SentimentLabel,Review_Count
Positive,3
Negative,3


---

## **Chunk 4:** New Reviews (January 5, 2023)
This cell writes a fourth CSV file with two new reviews. Run this after the third chunk has been processed.

In [0]:
advanced_streaming_path = "dbfs:/FileStore/BDAProject/AdvancedStreamingSimulation"
advanced_streaming_input_path = os.path.join(advanced_streaming_path, "input_texts")
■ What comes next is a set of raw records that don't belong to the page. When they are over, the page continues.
lemma le_mult_CARD_minus_1: "D \<le> D * (CARD('a::{field,finite}) - 1)"
proof -
  have "1 \<le> CARD('a) - 1" using CARD_ge_2[where 'a='a] by simp
  then show ?thesis by (metis mult.right_neutral mult_le_mono2)
qed

lemma power_CARD_minus_1:
  fixes c :: "'a::{field,finite}"
  assumes "c \<noteq> 0"
  shows "c ^ (CARD('a) - 1) = 1"
proof -
  let ?U = "UNIV - {0::'a}"
  have "(\<Prod>x\<in>?U. c * x) = (\<Prod>x\<in>?U. x)"
    by (rule prod.reindex_bij_witness[of _ "\<lambda>x. x / c" "\<lambda>x. c * x"]) (use assms in auto)
  moreover have "(\<Prod>x\<in>?U. c * x) = c ^ card ?U * (\<Prod>x\<in>?U. x)"
    by (simp add: prod.distrib)
  moreover have "(\<Prod>x\<in>?U. x) \<noteq> 0" by simp
  moreover have "card ?U = CARD('a) - 1" by (simp add: card_Diff_subset)
  ultimately show ?thesis by simp
qed

text \<open>Since \<open>x\<^sup>m - 1\<close> has at most \<open>m < q - 1\<close> roots, some \<open>g \<noteq> 0\<close> has \<open>g\<^sup>m \<noteq> 1\<close>,
  and substituting \<open>c \<mapsto> g c\<close> multiplies the sum by \<open>g\<^sup>m\<close>.\<close>
lemma sum_UNIV_power_eq_0_if_less:
  assumes "0 < m" "m < CARD('a::{field,finite}) - 1"
  shows "(\<Sum>c\<in>(UNIV::'a set). c ^ m) = 0"
proof -
  define p :: "'a poly" where "p = monom 1 m - 1"
  have "degree p = m"
    using degree_add_eq_left[of "-1" "monom 1 m"] assms by (simp add: p_def degree_monom_eq)
  then have "p \<noteq> 0" using assms by auto
  then have "card {x. poly p x = 0} \<le> m"
    using card_poly_roots_bound[of p] \<open>degree p = m\<close> by simp
  moreover have "card (UNIV - {0::'a}) = CARD('a) - 1" by (simp add: card_Diff_subset)
  ultimately have "\<not> UNIV - {0::'a} \<subseteq> {x. poly p x = 0}"
    using assms(2) card_mono[of "{x. poly p x = 0}" "UNIV - {0::'a}"] by auto
  then obtain g :: 'a where g: "g \<noteq> 0" "g ^ m \<noteq> 1" by (auto simp: p_def poly_monom)
  have "(\<Sum>c\<in>(UNIV::'a set). (g * c) ^ m) = (\<Sum>c\<in>UNIV. c ^ m)"
    by (rule sum.reindex_bij_witness[of _ "\<lambda>x. x / g" "\<lambda>x. g * x"]) (use g in auto)
  then have "g ^ m * (\<Sum>c\<in>(UNIV::'a set). c ^ m) = 1 * (\<Sum>c\<in>UNIV. c ^ m)"
    by (simp add: power_mult_distrib sum_distrib_left)
  then show ?thesis using g by (metis mult_cancel_right)
qed
lemma projection_or_constant:
  "(\<exists>i<n. \<forall>xs \<in> tuples n {a, b, c}. \<phi> xs = xs ! i) \<or>
   (\<forall>xs \<in> tuples n {a, b, c}. \<phi> xs = \<phi> (replicate n a))"
proof (cases "\<exists>i<n. \<exists>xs \<in> tuples n {a, b, c}. \<forall>v \<in> {a, b, c}. \<phi> (xs[i := v]) = v")
  case True
  then show ?thesis
    using projection_if_slice_id by blast
next
  case False
  then have const: "\<phi> (zs[j := w]) = \<phi> (zs[j := a])"
    if "zs \<in> tuples n {a, b, c}" "j < n" "w \<in> {a, b, c}" for zs j w
    using slice_const_or_id[OF that(1), of j] that by blast
  have "\<phi> ys = \<phi> (replicate n a)" if ys: "ys \<in> tuples n {a, b, c}" for ys
  proof (rule tuples_update_induct[OF _ ys, where Q = "\<lambda>zs. \<phi> zs = \<phi> (replicate n a)"])
    show "replicate n a \<in> tuples n {a, b, c}"
      by (auto simp: mem_tuples)
  next
    fix zs j w
    assume "zs \<in> tuples n {a, b, c}" "j < n" "w \<in> {a, b, c}" "\<phi> zs = \<phi> (replicate n a)"
    then show "\<phi> (zs[j := w]) = \<phi> (replicate n a)"
      using const tuples_nth by (metis list_update_id)
  qed simp
  then show ?thesis
    by blast
qed

end

section \<open>Interpolation on leaf arguments\<close>

lemma congruence_preserving_relabel_leaves:
  assumes "congruence_preserving n g" "length xs = n" "length ys = n" "map \<rho> xs = map \<rho> ys"
  shows "relabel \<rho> (g (map leaf xs)) = relabel \<rho> (g (map leaf ys))"
proof (rule congruence_preserving_hom_eq[OF assms(1) star_hom_relabel])
  show "map leaf xs \<in> tuples n trees" "map leaf ys \<in> tuples n trees"
    using assms(2,3) by (simp_all add: map_leaf_in_tuples)
  show "\<forall>i<n. relabel \<rho> (map leaf xs ! i) = relabel \<rho> (map leaf ys ! i)"
    using assms(2-4) by (metis nth_map relabel_leaf)
qed

lemma congruence_preserving_leaves_shape:
  assumes cp: "congruence_preserving n g" and "length xs = n" "length ys = n"
  shows "fst ` g (map leaf xs) = fst ` g (map leaf ys)"
proof -
  have "map (\<lambda>_. undefined) xs = map (\<lambda>_. undefined) ys"
    using assms(2,3) by (simp add: map_replicate_const)
  then have "fst ` relabel (\<lambda>_. undefined) (g (map leaf xs)) = fst ` relabel (\<lambda>_. undefined) (g (map leaf ys))"
    using congruence_preserving_relabel_leaves[OF cp assms(2,3)] by metis
  then show ?thesis
    unfolding fst_relabel .
qed
theory Submission
  imports Defs
begin

text \<open>Work modulo L = Q + \<int>g, where g = \<omega>_u - \<omega>_v. The simple roots at the nodes of
  A_k are second differences of fundamental weights along the path \<xi>1, 1, ..., k, \<xi>2, so all
  consecutive differences along it are congruent modulo Q; one of them is \<plusminus>g, hence every
  weight on the path is congruent to \<omega>_\<xi>1 modulo L. Modulo this congruence the columns of
  X_i become the columns of C(X_i) with the corner entry at \<xi>_i lowered by 1, whose determinant
  is \<Delta>_i; multiplying by the adjugate gives \<Delta>_i \<omega>_r \<in> L for all nodes r of X_i.
  As gcd(\<Delta>_1, \<Delta>_2) = 1 this puts \<omega>_\<xi>1, hence every weight on the path, in L. Now the
  columns of X_i give det X_i \<omega>_r \<in> L too, and gcd(det X_i, \<Delta>_i) = 1 gives \<omega>_r \<in> L.
  So L = P.\<close>

definition \<omega> :: "nat \<Rightarrow> nat \<Rightarrow> int" where
  "\<omega> p i = (if i = p then 1 else 0)"

text \<open>Q + \<int>g in coordinates with respect to the fundamental weights; coordinates from
  dim_row A on are unconstrained.\<close>
definition root_lattice_plus :: "int mat \<Rightarrow> (nat \<Rightarrow> int) \<Rightarrow> (nat \<Rightarrow> int) set" where
  "root_lattice_plus A g = {h. \<exists>c m. \<forall>i < dim_row A.
     h i = (\<Sum>j < dim_row A. A $$ (i, j) * c j) + m * g i}"

lemma root_lattice_plus_add:
  assumes "h1 \<in> root_lattice_plus A g" and "h2 \<in> root_lattice_plus A g"
  shows "(\<lambda>i. h1 i + h2 i) \<in> root_lattice_plus A g"
proof -
  obtain c1 m1 c2 m2 where
    "\<forall>i < dim_row A. h1 i = (\<Sum>j < dim_row A. A $$ (i, j) * c1 j) + m1 * g i"
    "\<forall>i < dim_row A. h2 i = (\<Sum>j < dim_row A. A $$ (i, j) * c2 j) + m2 * g i"
    using assms unfolding root_lattice_plus_def by blast
  then have combination: "\<forall>i < dim_row A. h1 i + h2 i
      = (\<Sum>j < dim_row A. A $$ (i, j) * (c1 j + c2 j)) + (m1 + m2) * g i"
    by (simp add: distrib_left distrib_right sum.distrib)
  then show ?thesis unfolding root_lattice_plus_def by (intro CollectI exI) (rule combination)
qed
definition pzero :: "('k::field) fpoly" where "pzero = (\<lambda>w. 0)"
definition pone :: "('k::field) fpoly" where "pone = (\<lambda>w. if w = [] then 1 else 0)"
definition pvar :: "var \<Rightarrow> ('k::field) fpoly" where "pvar x = (\<lambda>w. if w = [x] then 1 else 0)"
definition padd :: "('k::field) fpoly \<Rightarrow> 'k fpoly \<Rightarrow> 'k fpoly" where "padd f g = (\<lambda>w. f w + g w)"
definition psub :: "('k::field) fpoly \<Rightarrow> 'k fpoly \<Rightarrow> 'k fpoly" where "psub f g = (\<lambda>w. f w - g w)"
definition smult :: "'k \<Rightarrow> ('k::field) fpoly \<Rightarrow> 'k fpoly" where "smult c f = (\<lambda>w. c * f w)"
definition pmult :: "('k::field) fpoly \<Rightarrow> 'k fpoly \<Rightarrow> 'k fpoly" where
  "pmult f g = (\<lambda>w. \<Sum>i\<le>length w. f (take i w) * g (drop i w))"

definition yv :: "nat \<Rightarrow> ('k::field) fpoly" where "yv i = pvar (Y i)"
definition zv :: "nat \<Rightarrow> ('k::field) fpoly" where "zv i = pvar (Z i)"

definition comm :: "('k::field) fpoly \<Rightarrow> 'k fpoly \<Rightarrow> 'k fpoly" where
  "comm a b = psub (pmult a b) (pmult b a)"
definition comm3 :: "('k::field) fpoly \<Rightarrow> 'k fpoly \<Rightarrow> 'k fpoly \<Rightarrow> 'k fpoly" where
  "comm3 a b c = comm (comm a b) c"
definition jord :: "('k::field) fpoly \<Rightarrow> 'k fpoly \<Rightarrow> 'k fpoly" where
  "jord a b = padd (pmult a b) (pmult b a)"

definition prodl :: "('k::field) fpoly list \<Rightarrow> 'k fpoly" where
  "prodl ps = foldr pmult ps pone"

fun isZ :: "var \<Rightarrow> bool" where "isZ (Z _) = True" | "isZ (Y _) = False"

definition zdeg :: "var list \<Rightarrow> nat" where "zdeg w = length (filter isZ w)"

text \<open>Homogeneous of degree 0 / degree 1 (the zero polynomial is of both degrees).\<close>
definition hom0 :: "('k::field) fpoly \<Rightarrow> bool" where
  "hom0 f \<longleftrightarrow> f \<in> FA \<and> (\<forall>w. f w \<noteq> 0 \<longrightarrow> even (zdeg w))"
definition hom1 :: "('k::field) fpoly \<Rightarrow> bool" where
  "hom1 f \<longleftrightarrow> f \<in> FA \<and> (\<forall>w. f w \<noteq> 0 \<longrightarrow> odd (zdeg w))"

definition graded_subst :: "(var \<Rightarrow> ('k::field) fpoly) \<Rightarrow> bool" where
  "graded_subst \<phi> \<longleftrightarrow> (\<forall>i. hom0 (\<phi> (Y i)) \<and> hom1 (\<phi> (Z i)))"

text \<open>The algebra endomorphism determined by the images of the variables.\<close>
definition wordprod :: "(var \<Rightarrow> ('k::field) fpoly) \<Rightarrow> var list \<Rightarrow> 'k fpoly" where
  "wordprod \<phi> w = prodl (map \<phi> w)"
definition psubst :: "(var \<Rightarrow> ('k::field) fpoly) \<Rightarrow> 'k fpoly \<Rightarrow> 'k fpoly" where
  "psubst \<phi> f = (\<lambda>u. \<Sum>w\<in>{w. f w \<noteq> 0}. f w * wordprod \<phi> w u)"

definition is_ideal :: "('k::field) fpoly set \<Rightarrow> bool" where
  "is_ideal J \<longleftrightarrow> J \<subseteq> FA \<and> pzero \<in> J
     \<and> (\<forall>f\<in>J. \<forall>g\<in>J. padd f g \<in> J)
     \<and> (\<forall>c. \<forall>f\<in>J. smult c f \<in> J)
     \<and> (\<forall>f\<in>J. \<forall>h\<in>FA. pmult h f \<in> J \<and> pmult f h \<in> J)"

definition is_T2_ideal :: "('k::field) fpoly set \<Rightarrow> bool" where
  "is_T2_ideal J \<longleftrightarrow> is_ideal J \<and> (\<forall>\<phi>. graded_subst \<phi> \<longrightarrow> (\<forall>f\<in>J. psubst \<phi> f \<in> J))"

definition T2_gen :: "('k::field) fpoly set \<Rightarrow> 'k fpoly set" where
  "T2_gen S = \<Inter> {J. is_T2_ideal J \<and> S \<subseteq> J}"
lemma basis_subset_partials_plus: "basis \<subseteq> partials_plus f"
proof
  fix p assume "p \<in> basis"
  then obtain G where G: "G \<in> \<Delta>" and p: "p = monoP (xexp G) \<or> p = dF G f" by blast
  obtain k where k: "k \<in> {1..m}" "G \<subseteq> F k" using G by (rule face_subset_facet)
  then have partials: "partials_plus f = {pderivs vs f | vs. 1 \<le> length vs \<and> length vs \<le> d}"
    by (intro partials_plus_fpoly) auto
  have "monoP (xexp G) \<in> partials_plus f"
  proof -
    define V where "V = insert (Inr k) (Inl ` (F k - G))"
    obtain vs where vs: "set vs = V" "distinct vs"
      using finite_distinct_list[of V] finite_facet[OF k(1)] by (auto simp: V_def)
    have "card V = Suc (card (F k - G))"
      unfolding V_def using finite_facet[OF k(1)]
      by (subst card_insert_disjoint) (auto simp: card_image)
    then have "length vs = Suc (d - card G)"
      using distinct_card[OF vs(2)] finite_face[OF G] k card_facet[OF k(1)]
      by (simp add: vs(1) card_Diff_subset)
    moreover have "V \<subseteq> facet_vars F k" "facet_vars F k - V = Inl ` G"
      using k by (auto simp: V_def facet_vars_def)
    then have "pderivs vs f = monoP (xexp G)"
      using vs k by (simp add: pderivs_fpoly partial_along_Inr[of k] V_def xexp_eq_sqfree_mon)
    ultimately show ?thesis unfolding partials using card_face[OF G] by (auto intro!: exI[of _ vs])
  qed
  moreover have "dF G f \<in> partials_plus f"
    unfolding partials dF_def using card_face[OF G] by force
  ultimately show "p \<in> partials_plus f" using p by blast
qed

lemma span_basis: "module.span scaleQ basis = module.span scaleQ (partials_plus f)"
proof -
  interpret V: vector_space scaleQ by (rule vector_space_scaleQ)
  have "partials_plus f \<subseteq> V.span basis"
  proof
    fix p assume "p \<in> partials_plus f"
    then obtain vs where "p = pderivs vs f" "1 \<le> length vs" "length vs \<le> pdeg f - 1"
      unfolding partials_plus_def by blast
    moreover have "pdeg f - 1 \<le> d" by (simp add: pdeg_fpoly)
    ultimately have "p \<in> insert 0 basis" using pderivs_fpoly_in_basis by simp
    then show "p \<in> V.span basis" by (auto intro: V.span_base V.span_zero)
  qed
  moreover have "basis \<subseteq> V.span (partials_plus f)"
    using basis_subset_partials_plus V.span_superset by blast
  ultimately show ?thesis by (simp only: V.span_eq)
qed

end

theorem lemma6:
  fixes n m d :: nat and F :: "nat \<Rightarrow> nat set"
  assumes "\<forall>i\<in>{1..m}. F i \<subseteq> {1..n} \<and> card (F i) = d"
  defines "\<Delta> \<equiv> gen_complex m F"
    and "f \<equiv> fpoly m F"
    and "B \<equiv> (\<lambda>Y. monoP (xexp Y)) ` gen_complex m F \<union> (\<lambda>Y. dF Y (fpoly m F)) ` gen_complex m F"
  shows "card B = 2 * card \<Delta>
     \<and> \<not> module.dependent scaleQ B
     \<and> module.span scaleQ B = module.span scaleQ (partials_plus f)
     \<and> vector_space.dim scaleQ (partials_plus f) = 2 * card \<Delta>"
proof -
  interpret uniform_facets m F d
    by unfold_locales (use assms(1) finite_subset[of _ "{1..n}"] in auto)
  interpret V: vector_space scaleQ by (rule vector_space_scaleQ)
  have "V.dim (partials_plus f) = V.dim B"
    using span_basis V.dim_span unfolding B_def f_def by metis
  also have "\<dots> = card B"
    using basis_independent unfolding B_def by (rule V.dim_eq_card_independent)
  finally show ?thesis
    using card_basis basis_independent span_basis unfolding B_def f_def \<Delta>_def by simp
qed

end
new_review_data = """review_id,rating,review_text,parent_asin,user_id,timestamp,helpful_vote,timestamp_dt,year,month,day,day_of_week,hour
new_review_009,3.0,"The keyboard is okay but the keys feel a bit cheap.",new_asin_009,new_user_009,1672876800,1,"2023-01-05T00:00:00.000+0000",2023,1,5,5,0
new_review_010,5.0,"Love this smart speaker, integrates well with my home setup!",new_asin_010,new_user_010,1672876801,6,"2023-01-05T00:00:01.000+0000",2023,1,5,5,0
"""
dbutils.fs.put(os.path.join(advanced_streaming_input_path, "new_single_review_batch_4.csv"), new_review_data, overwrite=True)
print(f"Simulated new review file written to {os.path.join(advanced_streaming_input_path, 'new_single_review_batch_4.csv')}")

Wrote 438 bytes.
Simulated new review file written to dbfs:/FileStore/BDAProject/AdvancedStreamingSimulation/input_texts/new_single_review_batch_4.csv


In [0]:
%sql
SELECT * FROM live_sentiment_results_table;

review_id,SentimentLabel,SentimentScore
new_review_001,Positive,0.9916028380393982
new_review_002,Negative,0.9736137986183168
new_review_005,Positive,0.9478766918182372
new_review_007,Negative,0.9797434210777284
new_review_008,Positive,0.987636148929596
new_review_009,Negative,0.7507771253585815
new_review_010,Positive,0.9913573265075684
new_review_006,Negative,0.8762170672416687


In [0]:
%sql
SELECT SentimentLabel, COUNT(*) as Review_Count
FROM live_sentiment_results_table
GROUP BY SentimentLabel
ORDER BY Review_Count DESC;

SentimentLabel,Review_Count
Positive,4
Negative,4


### **Final Notes**
Run each chunk cell sequentially, waiting 10–15 seconds between runs to ensure the streaming query processes each file. You can extend this notebook by adding more chunks with different review data if needed.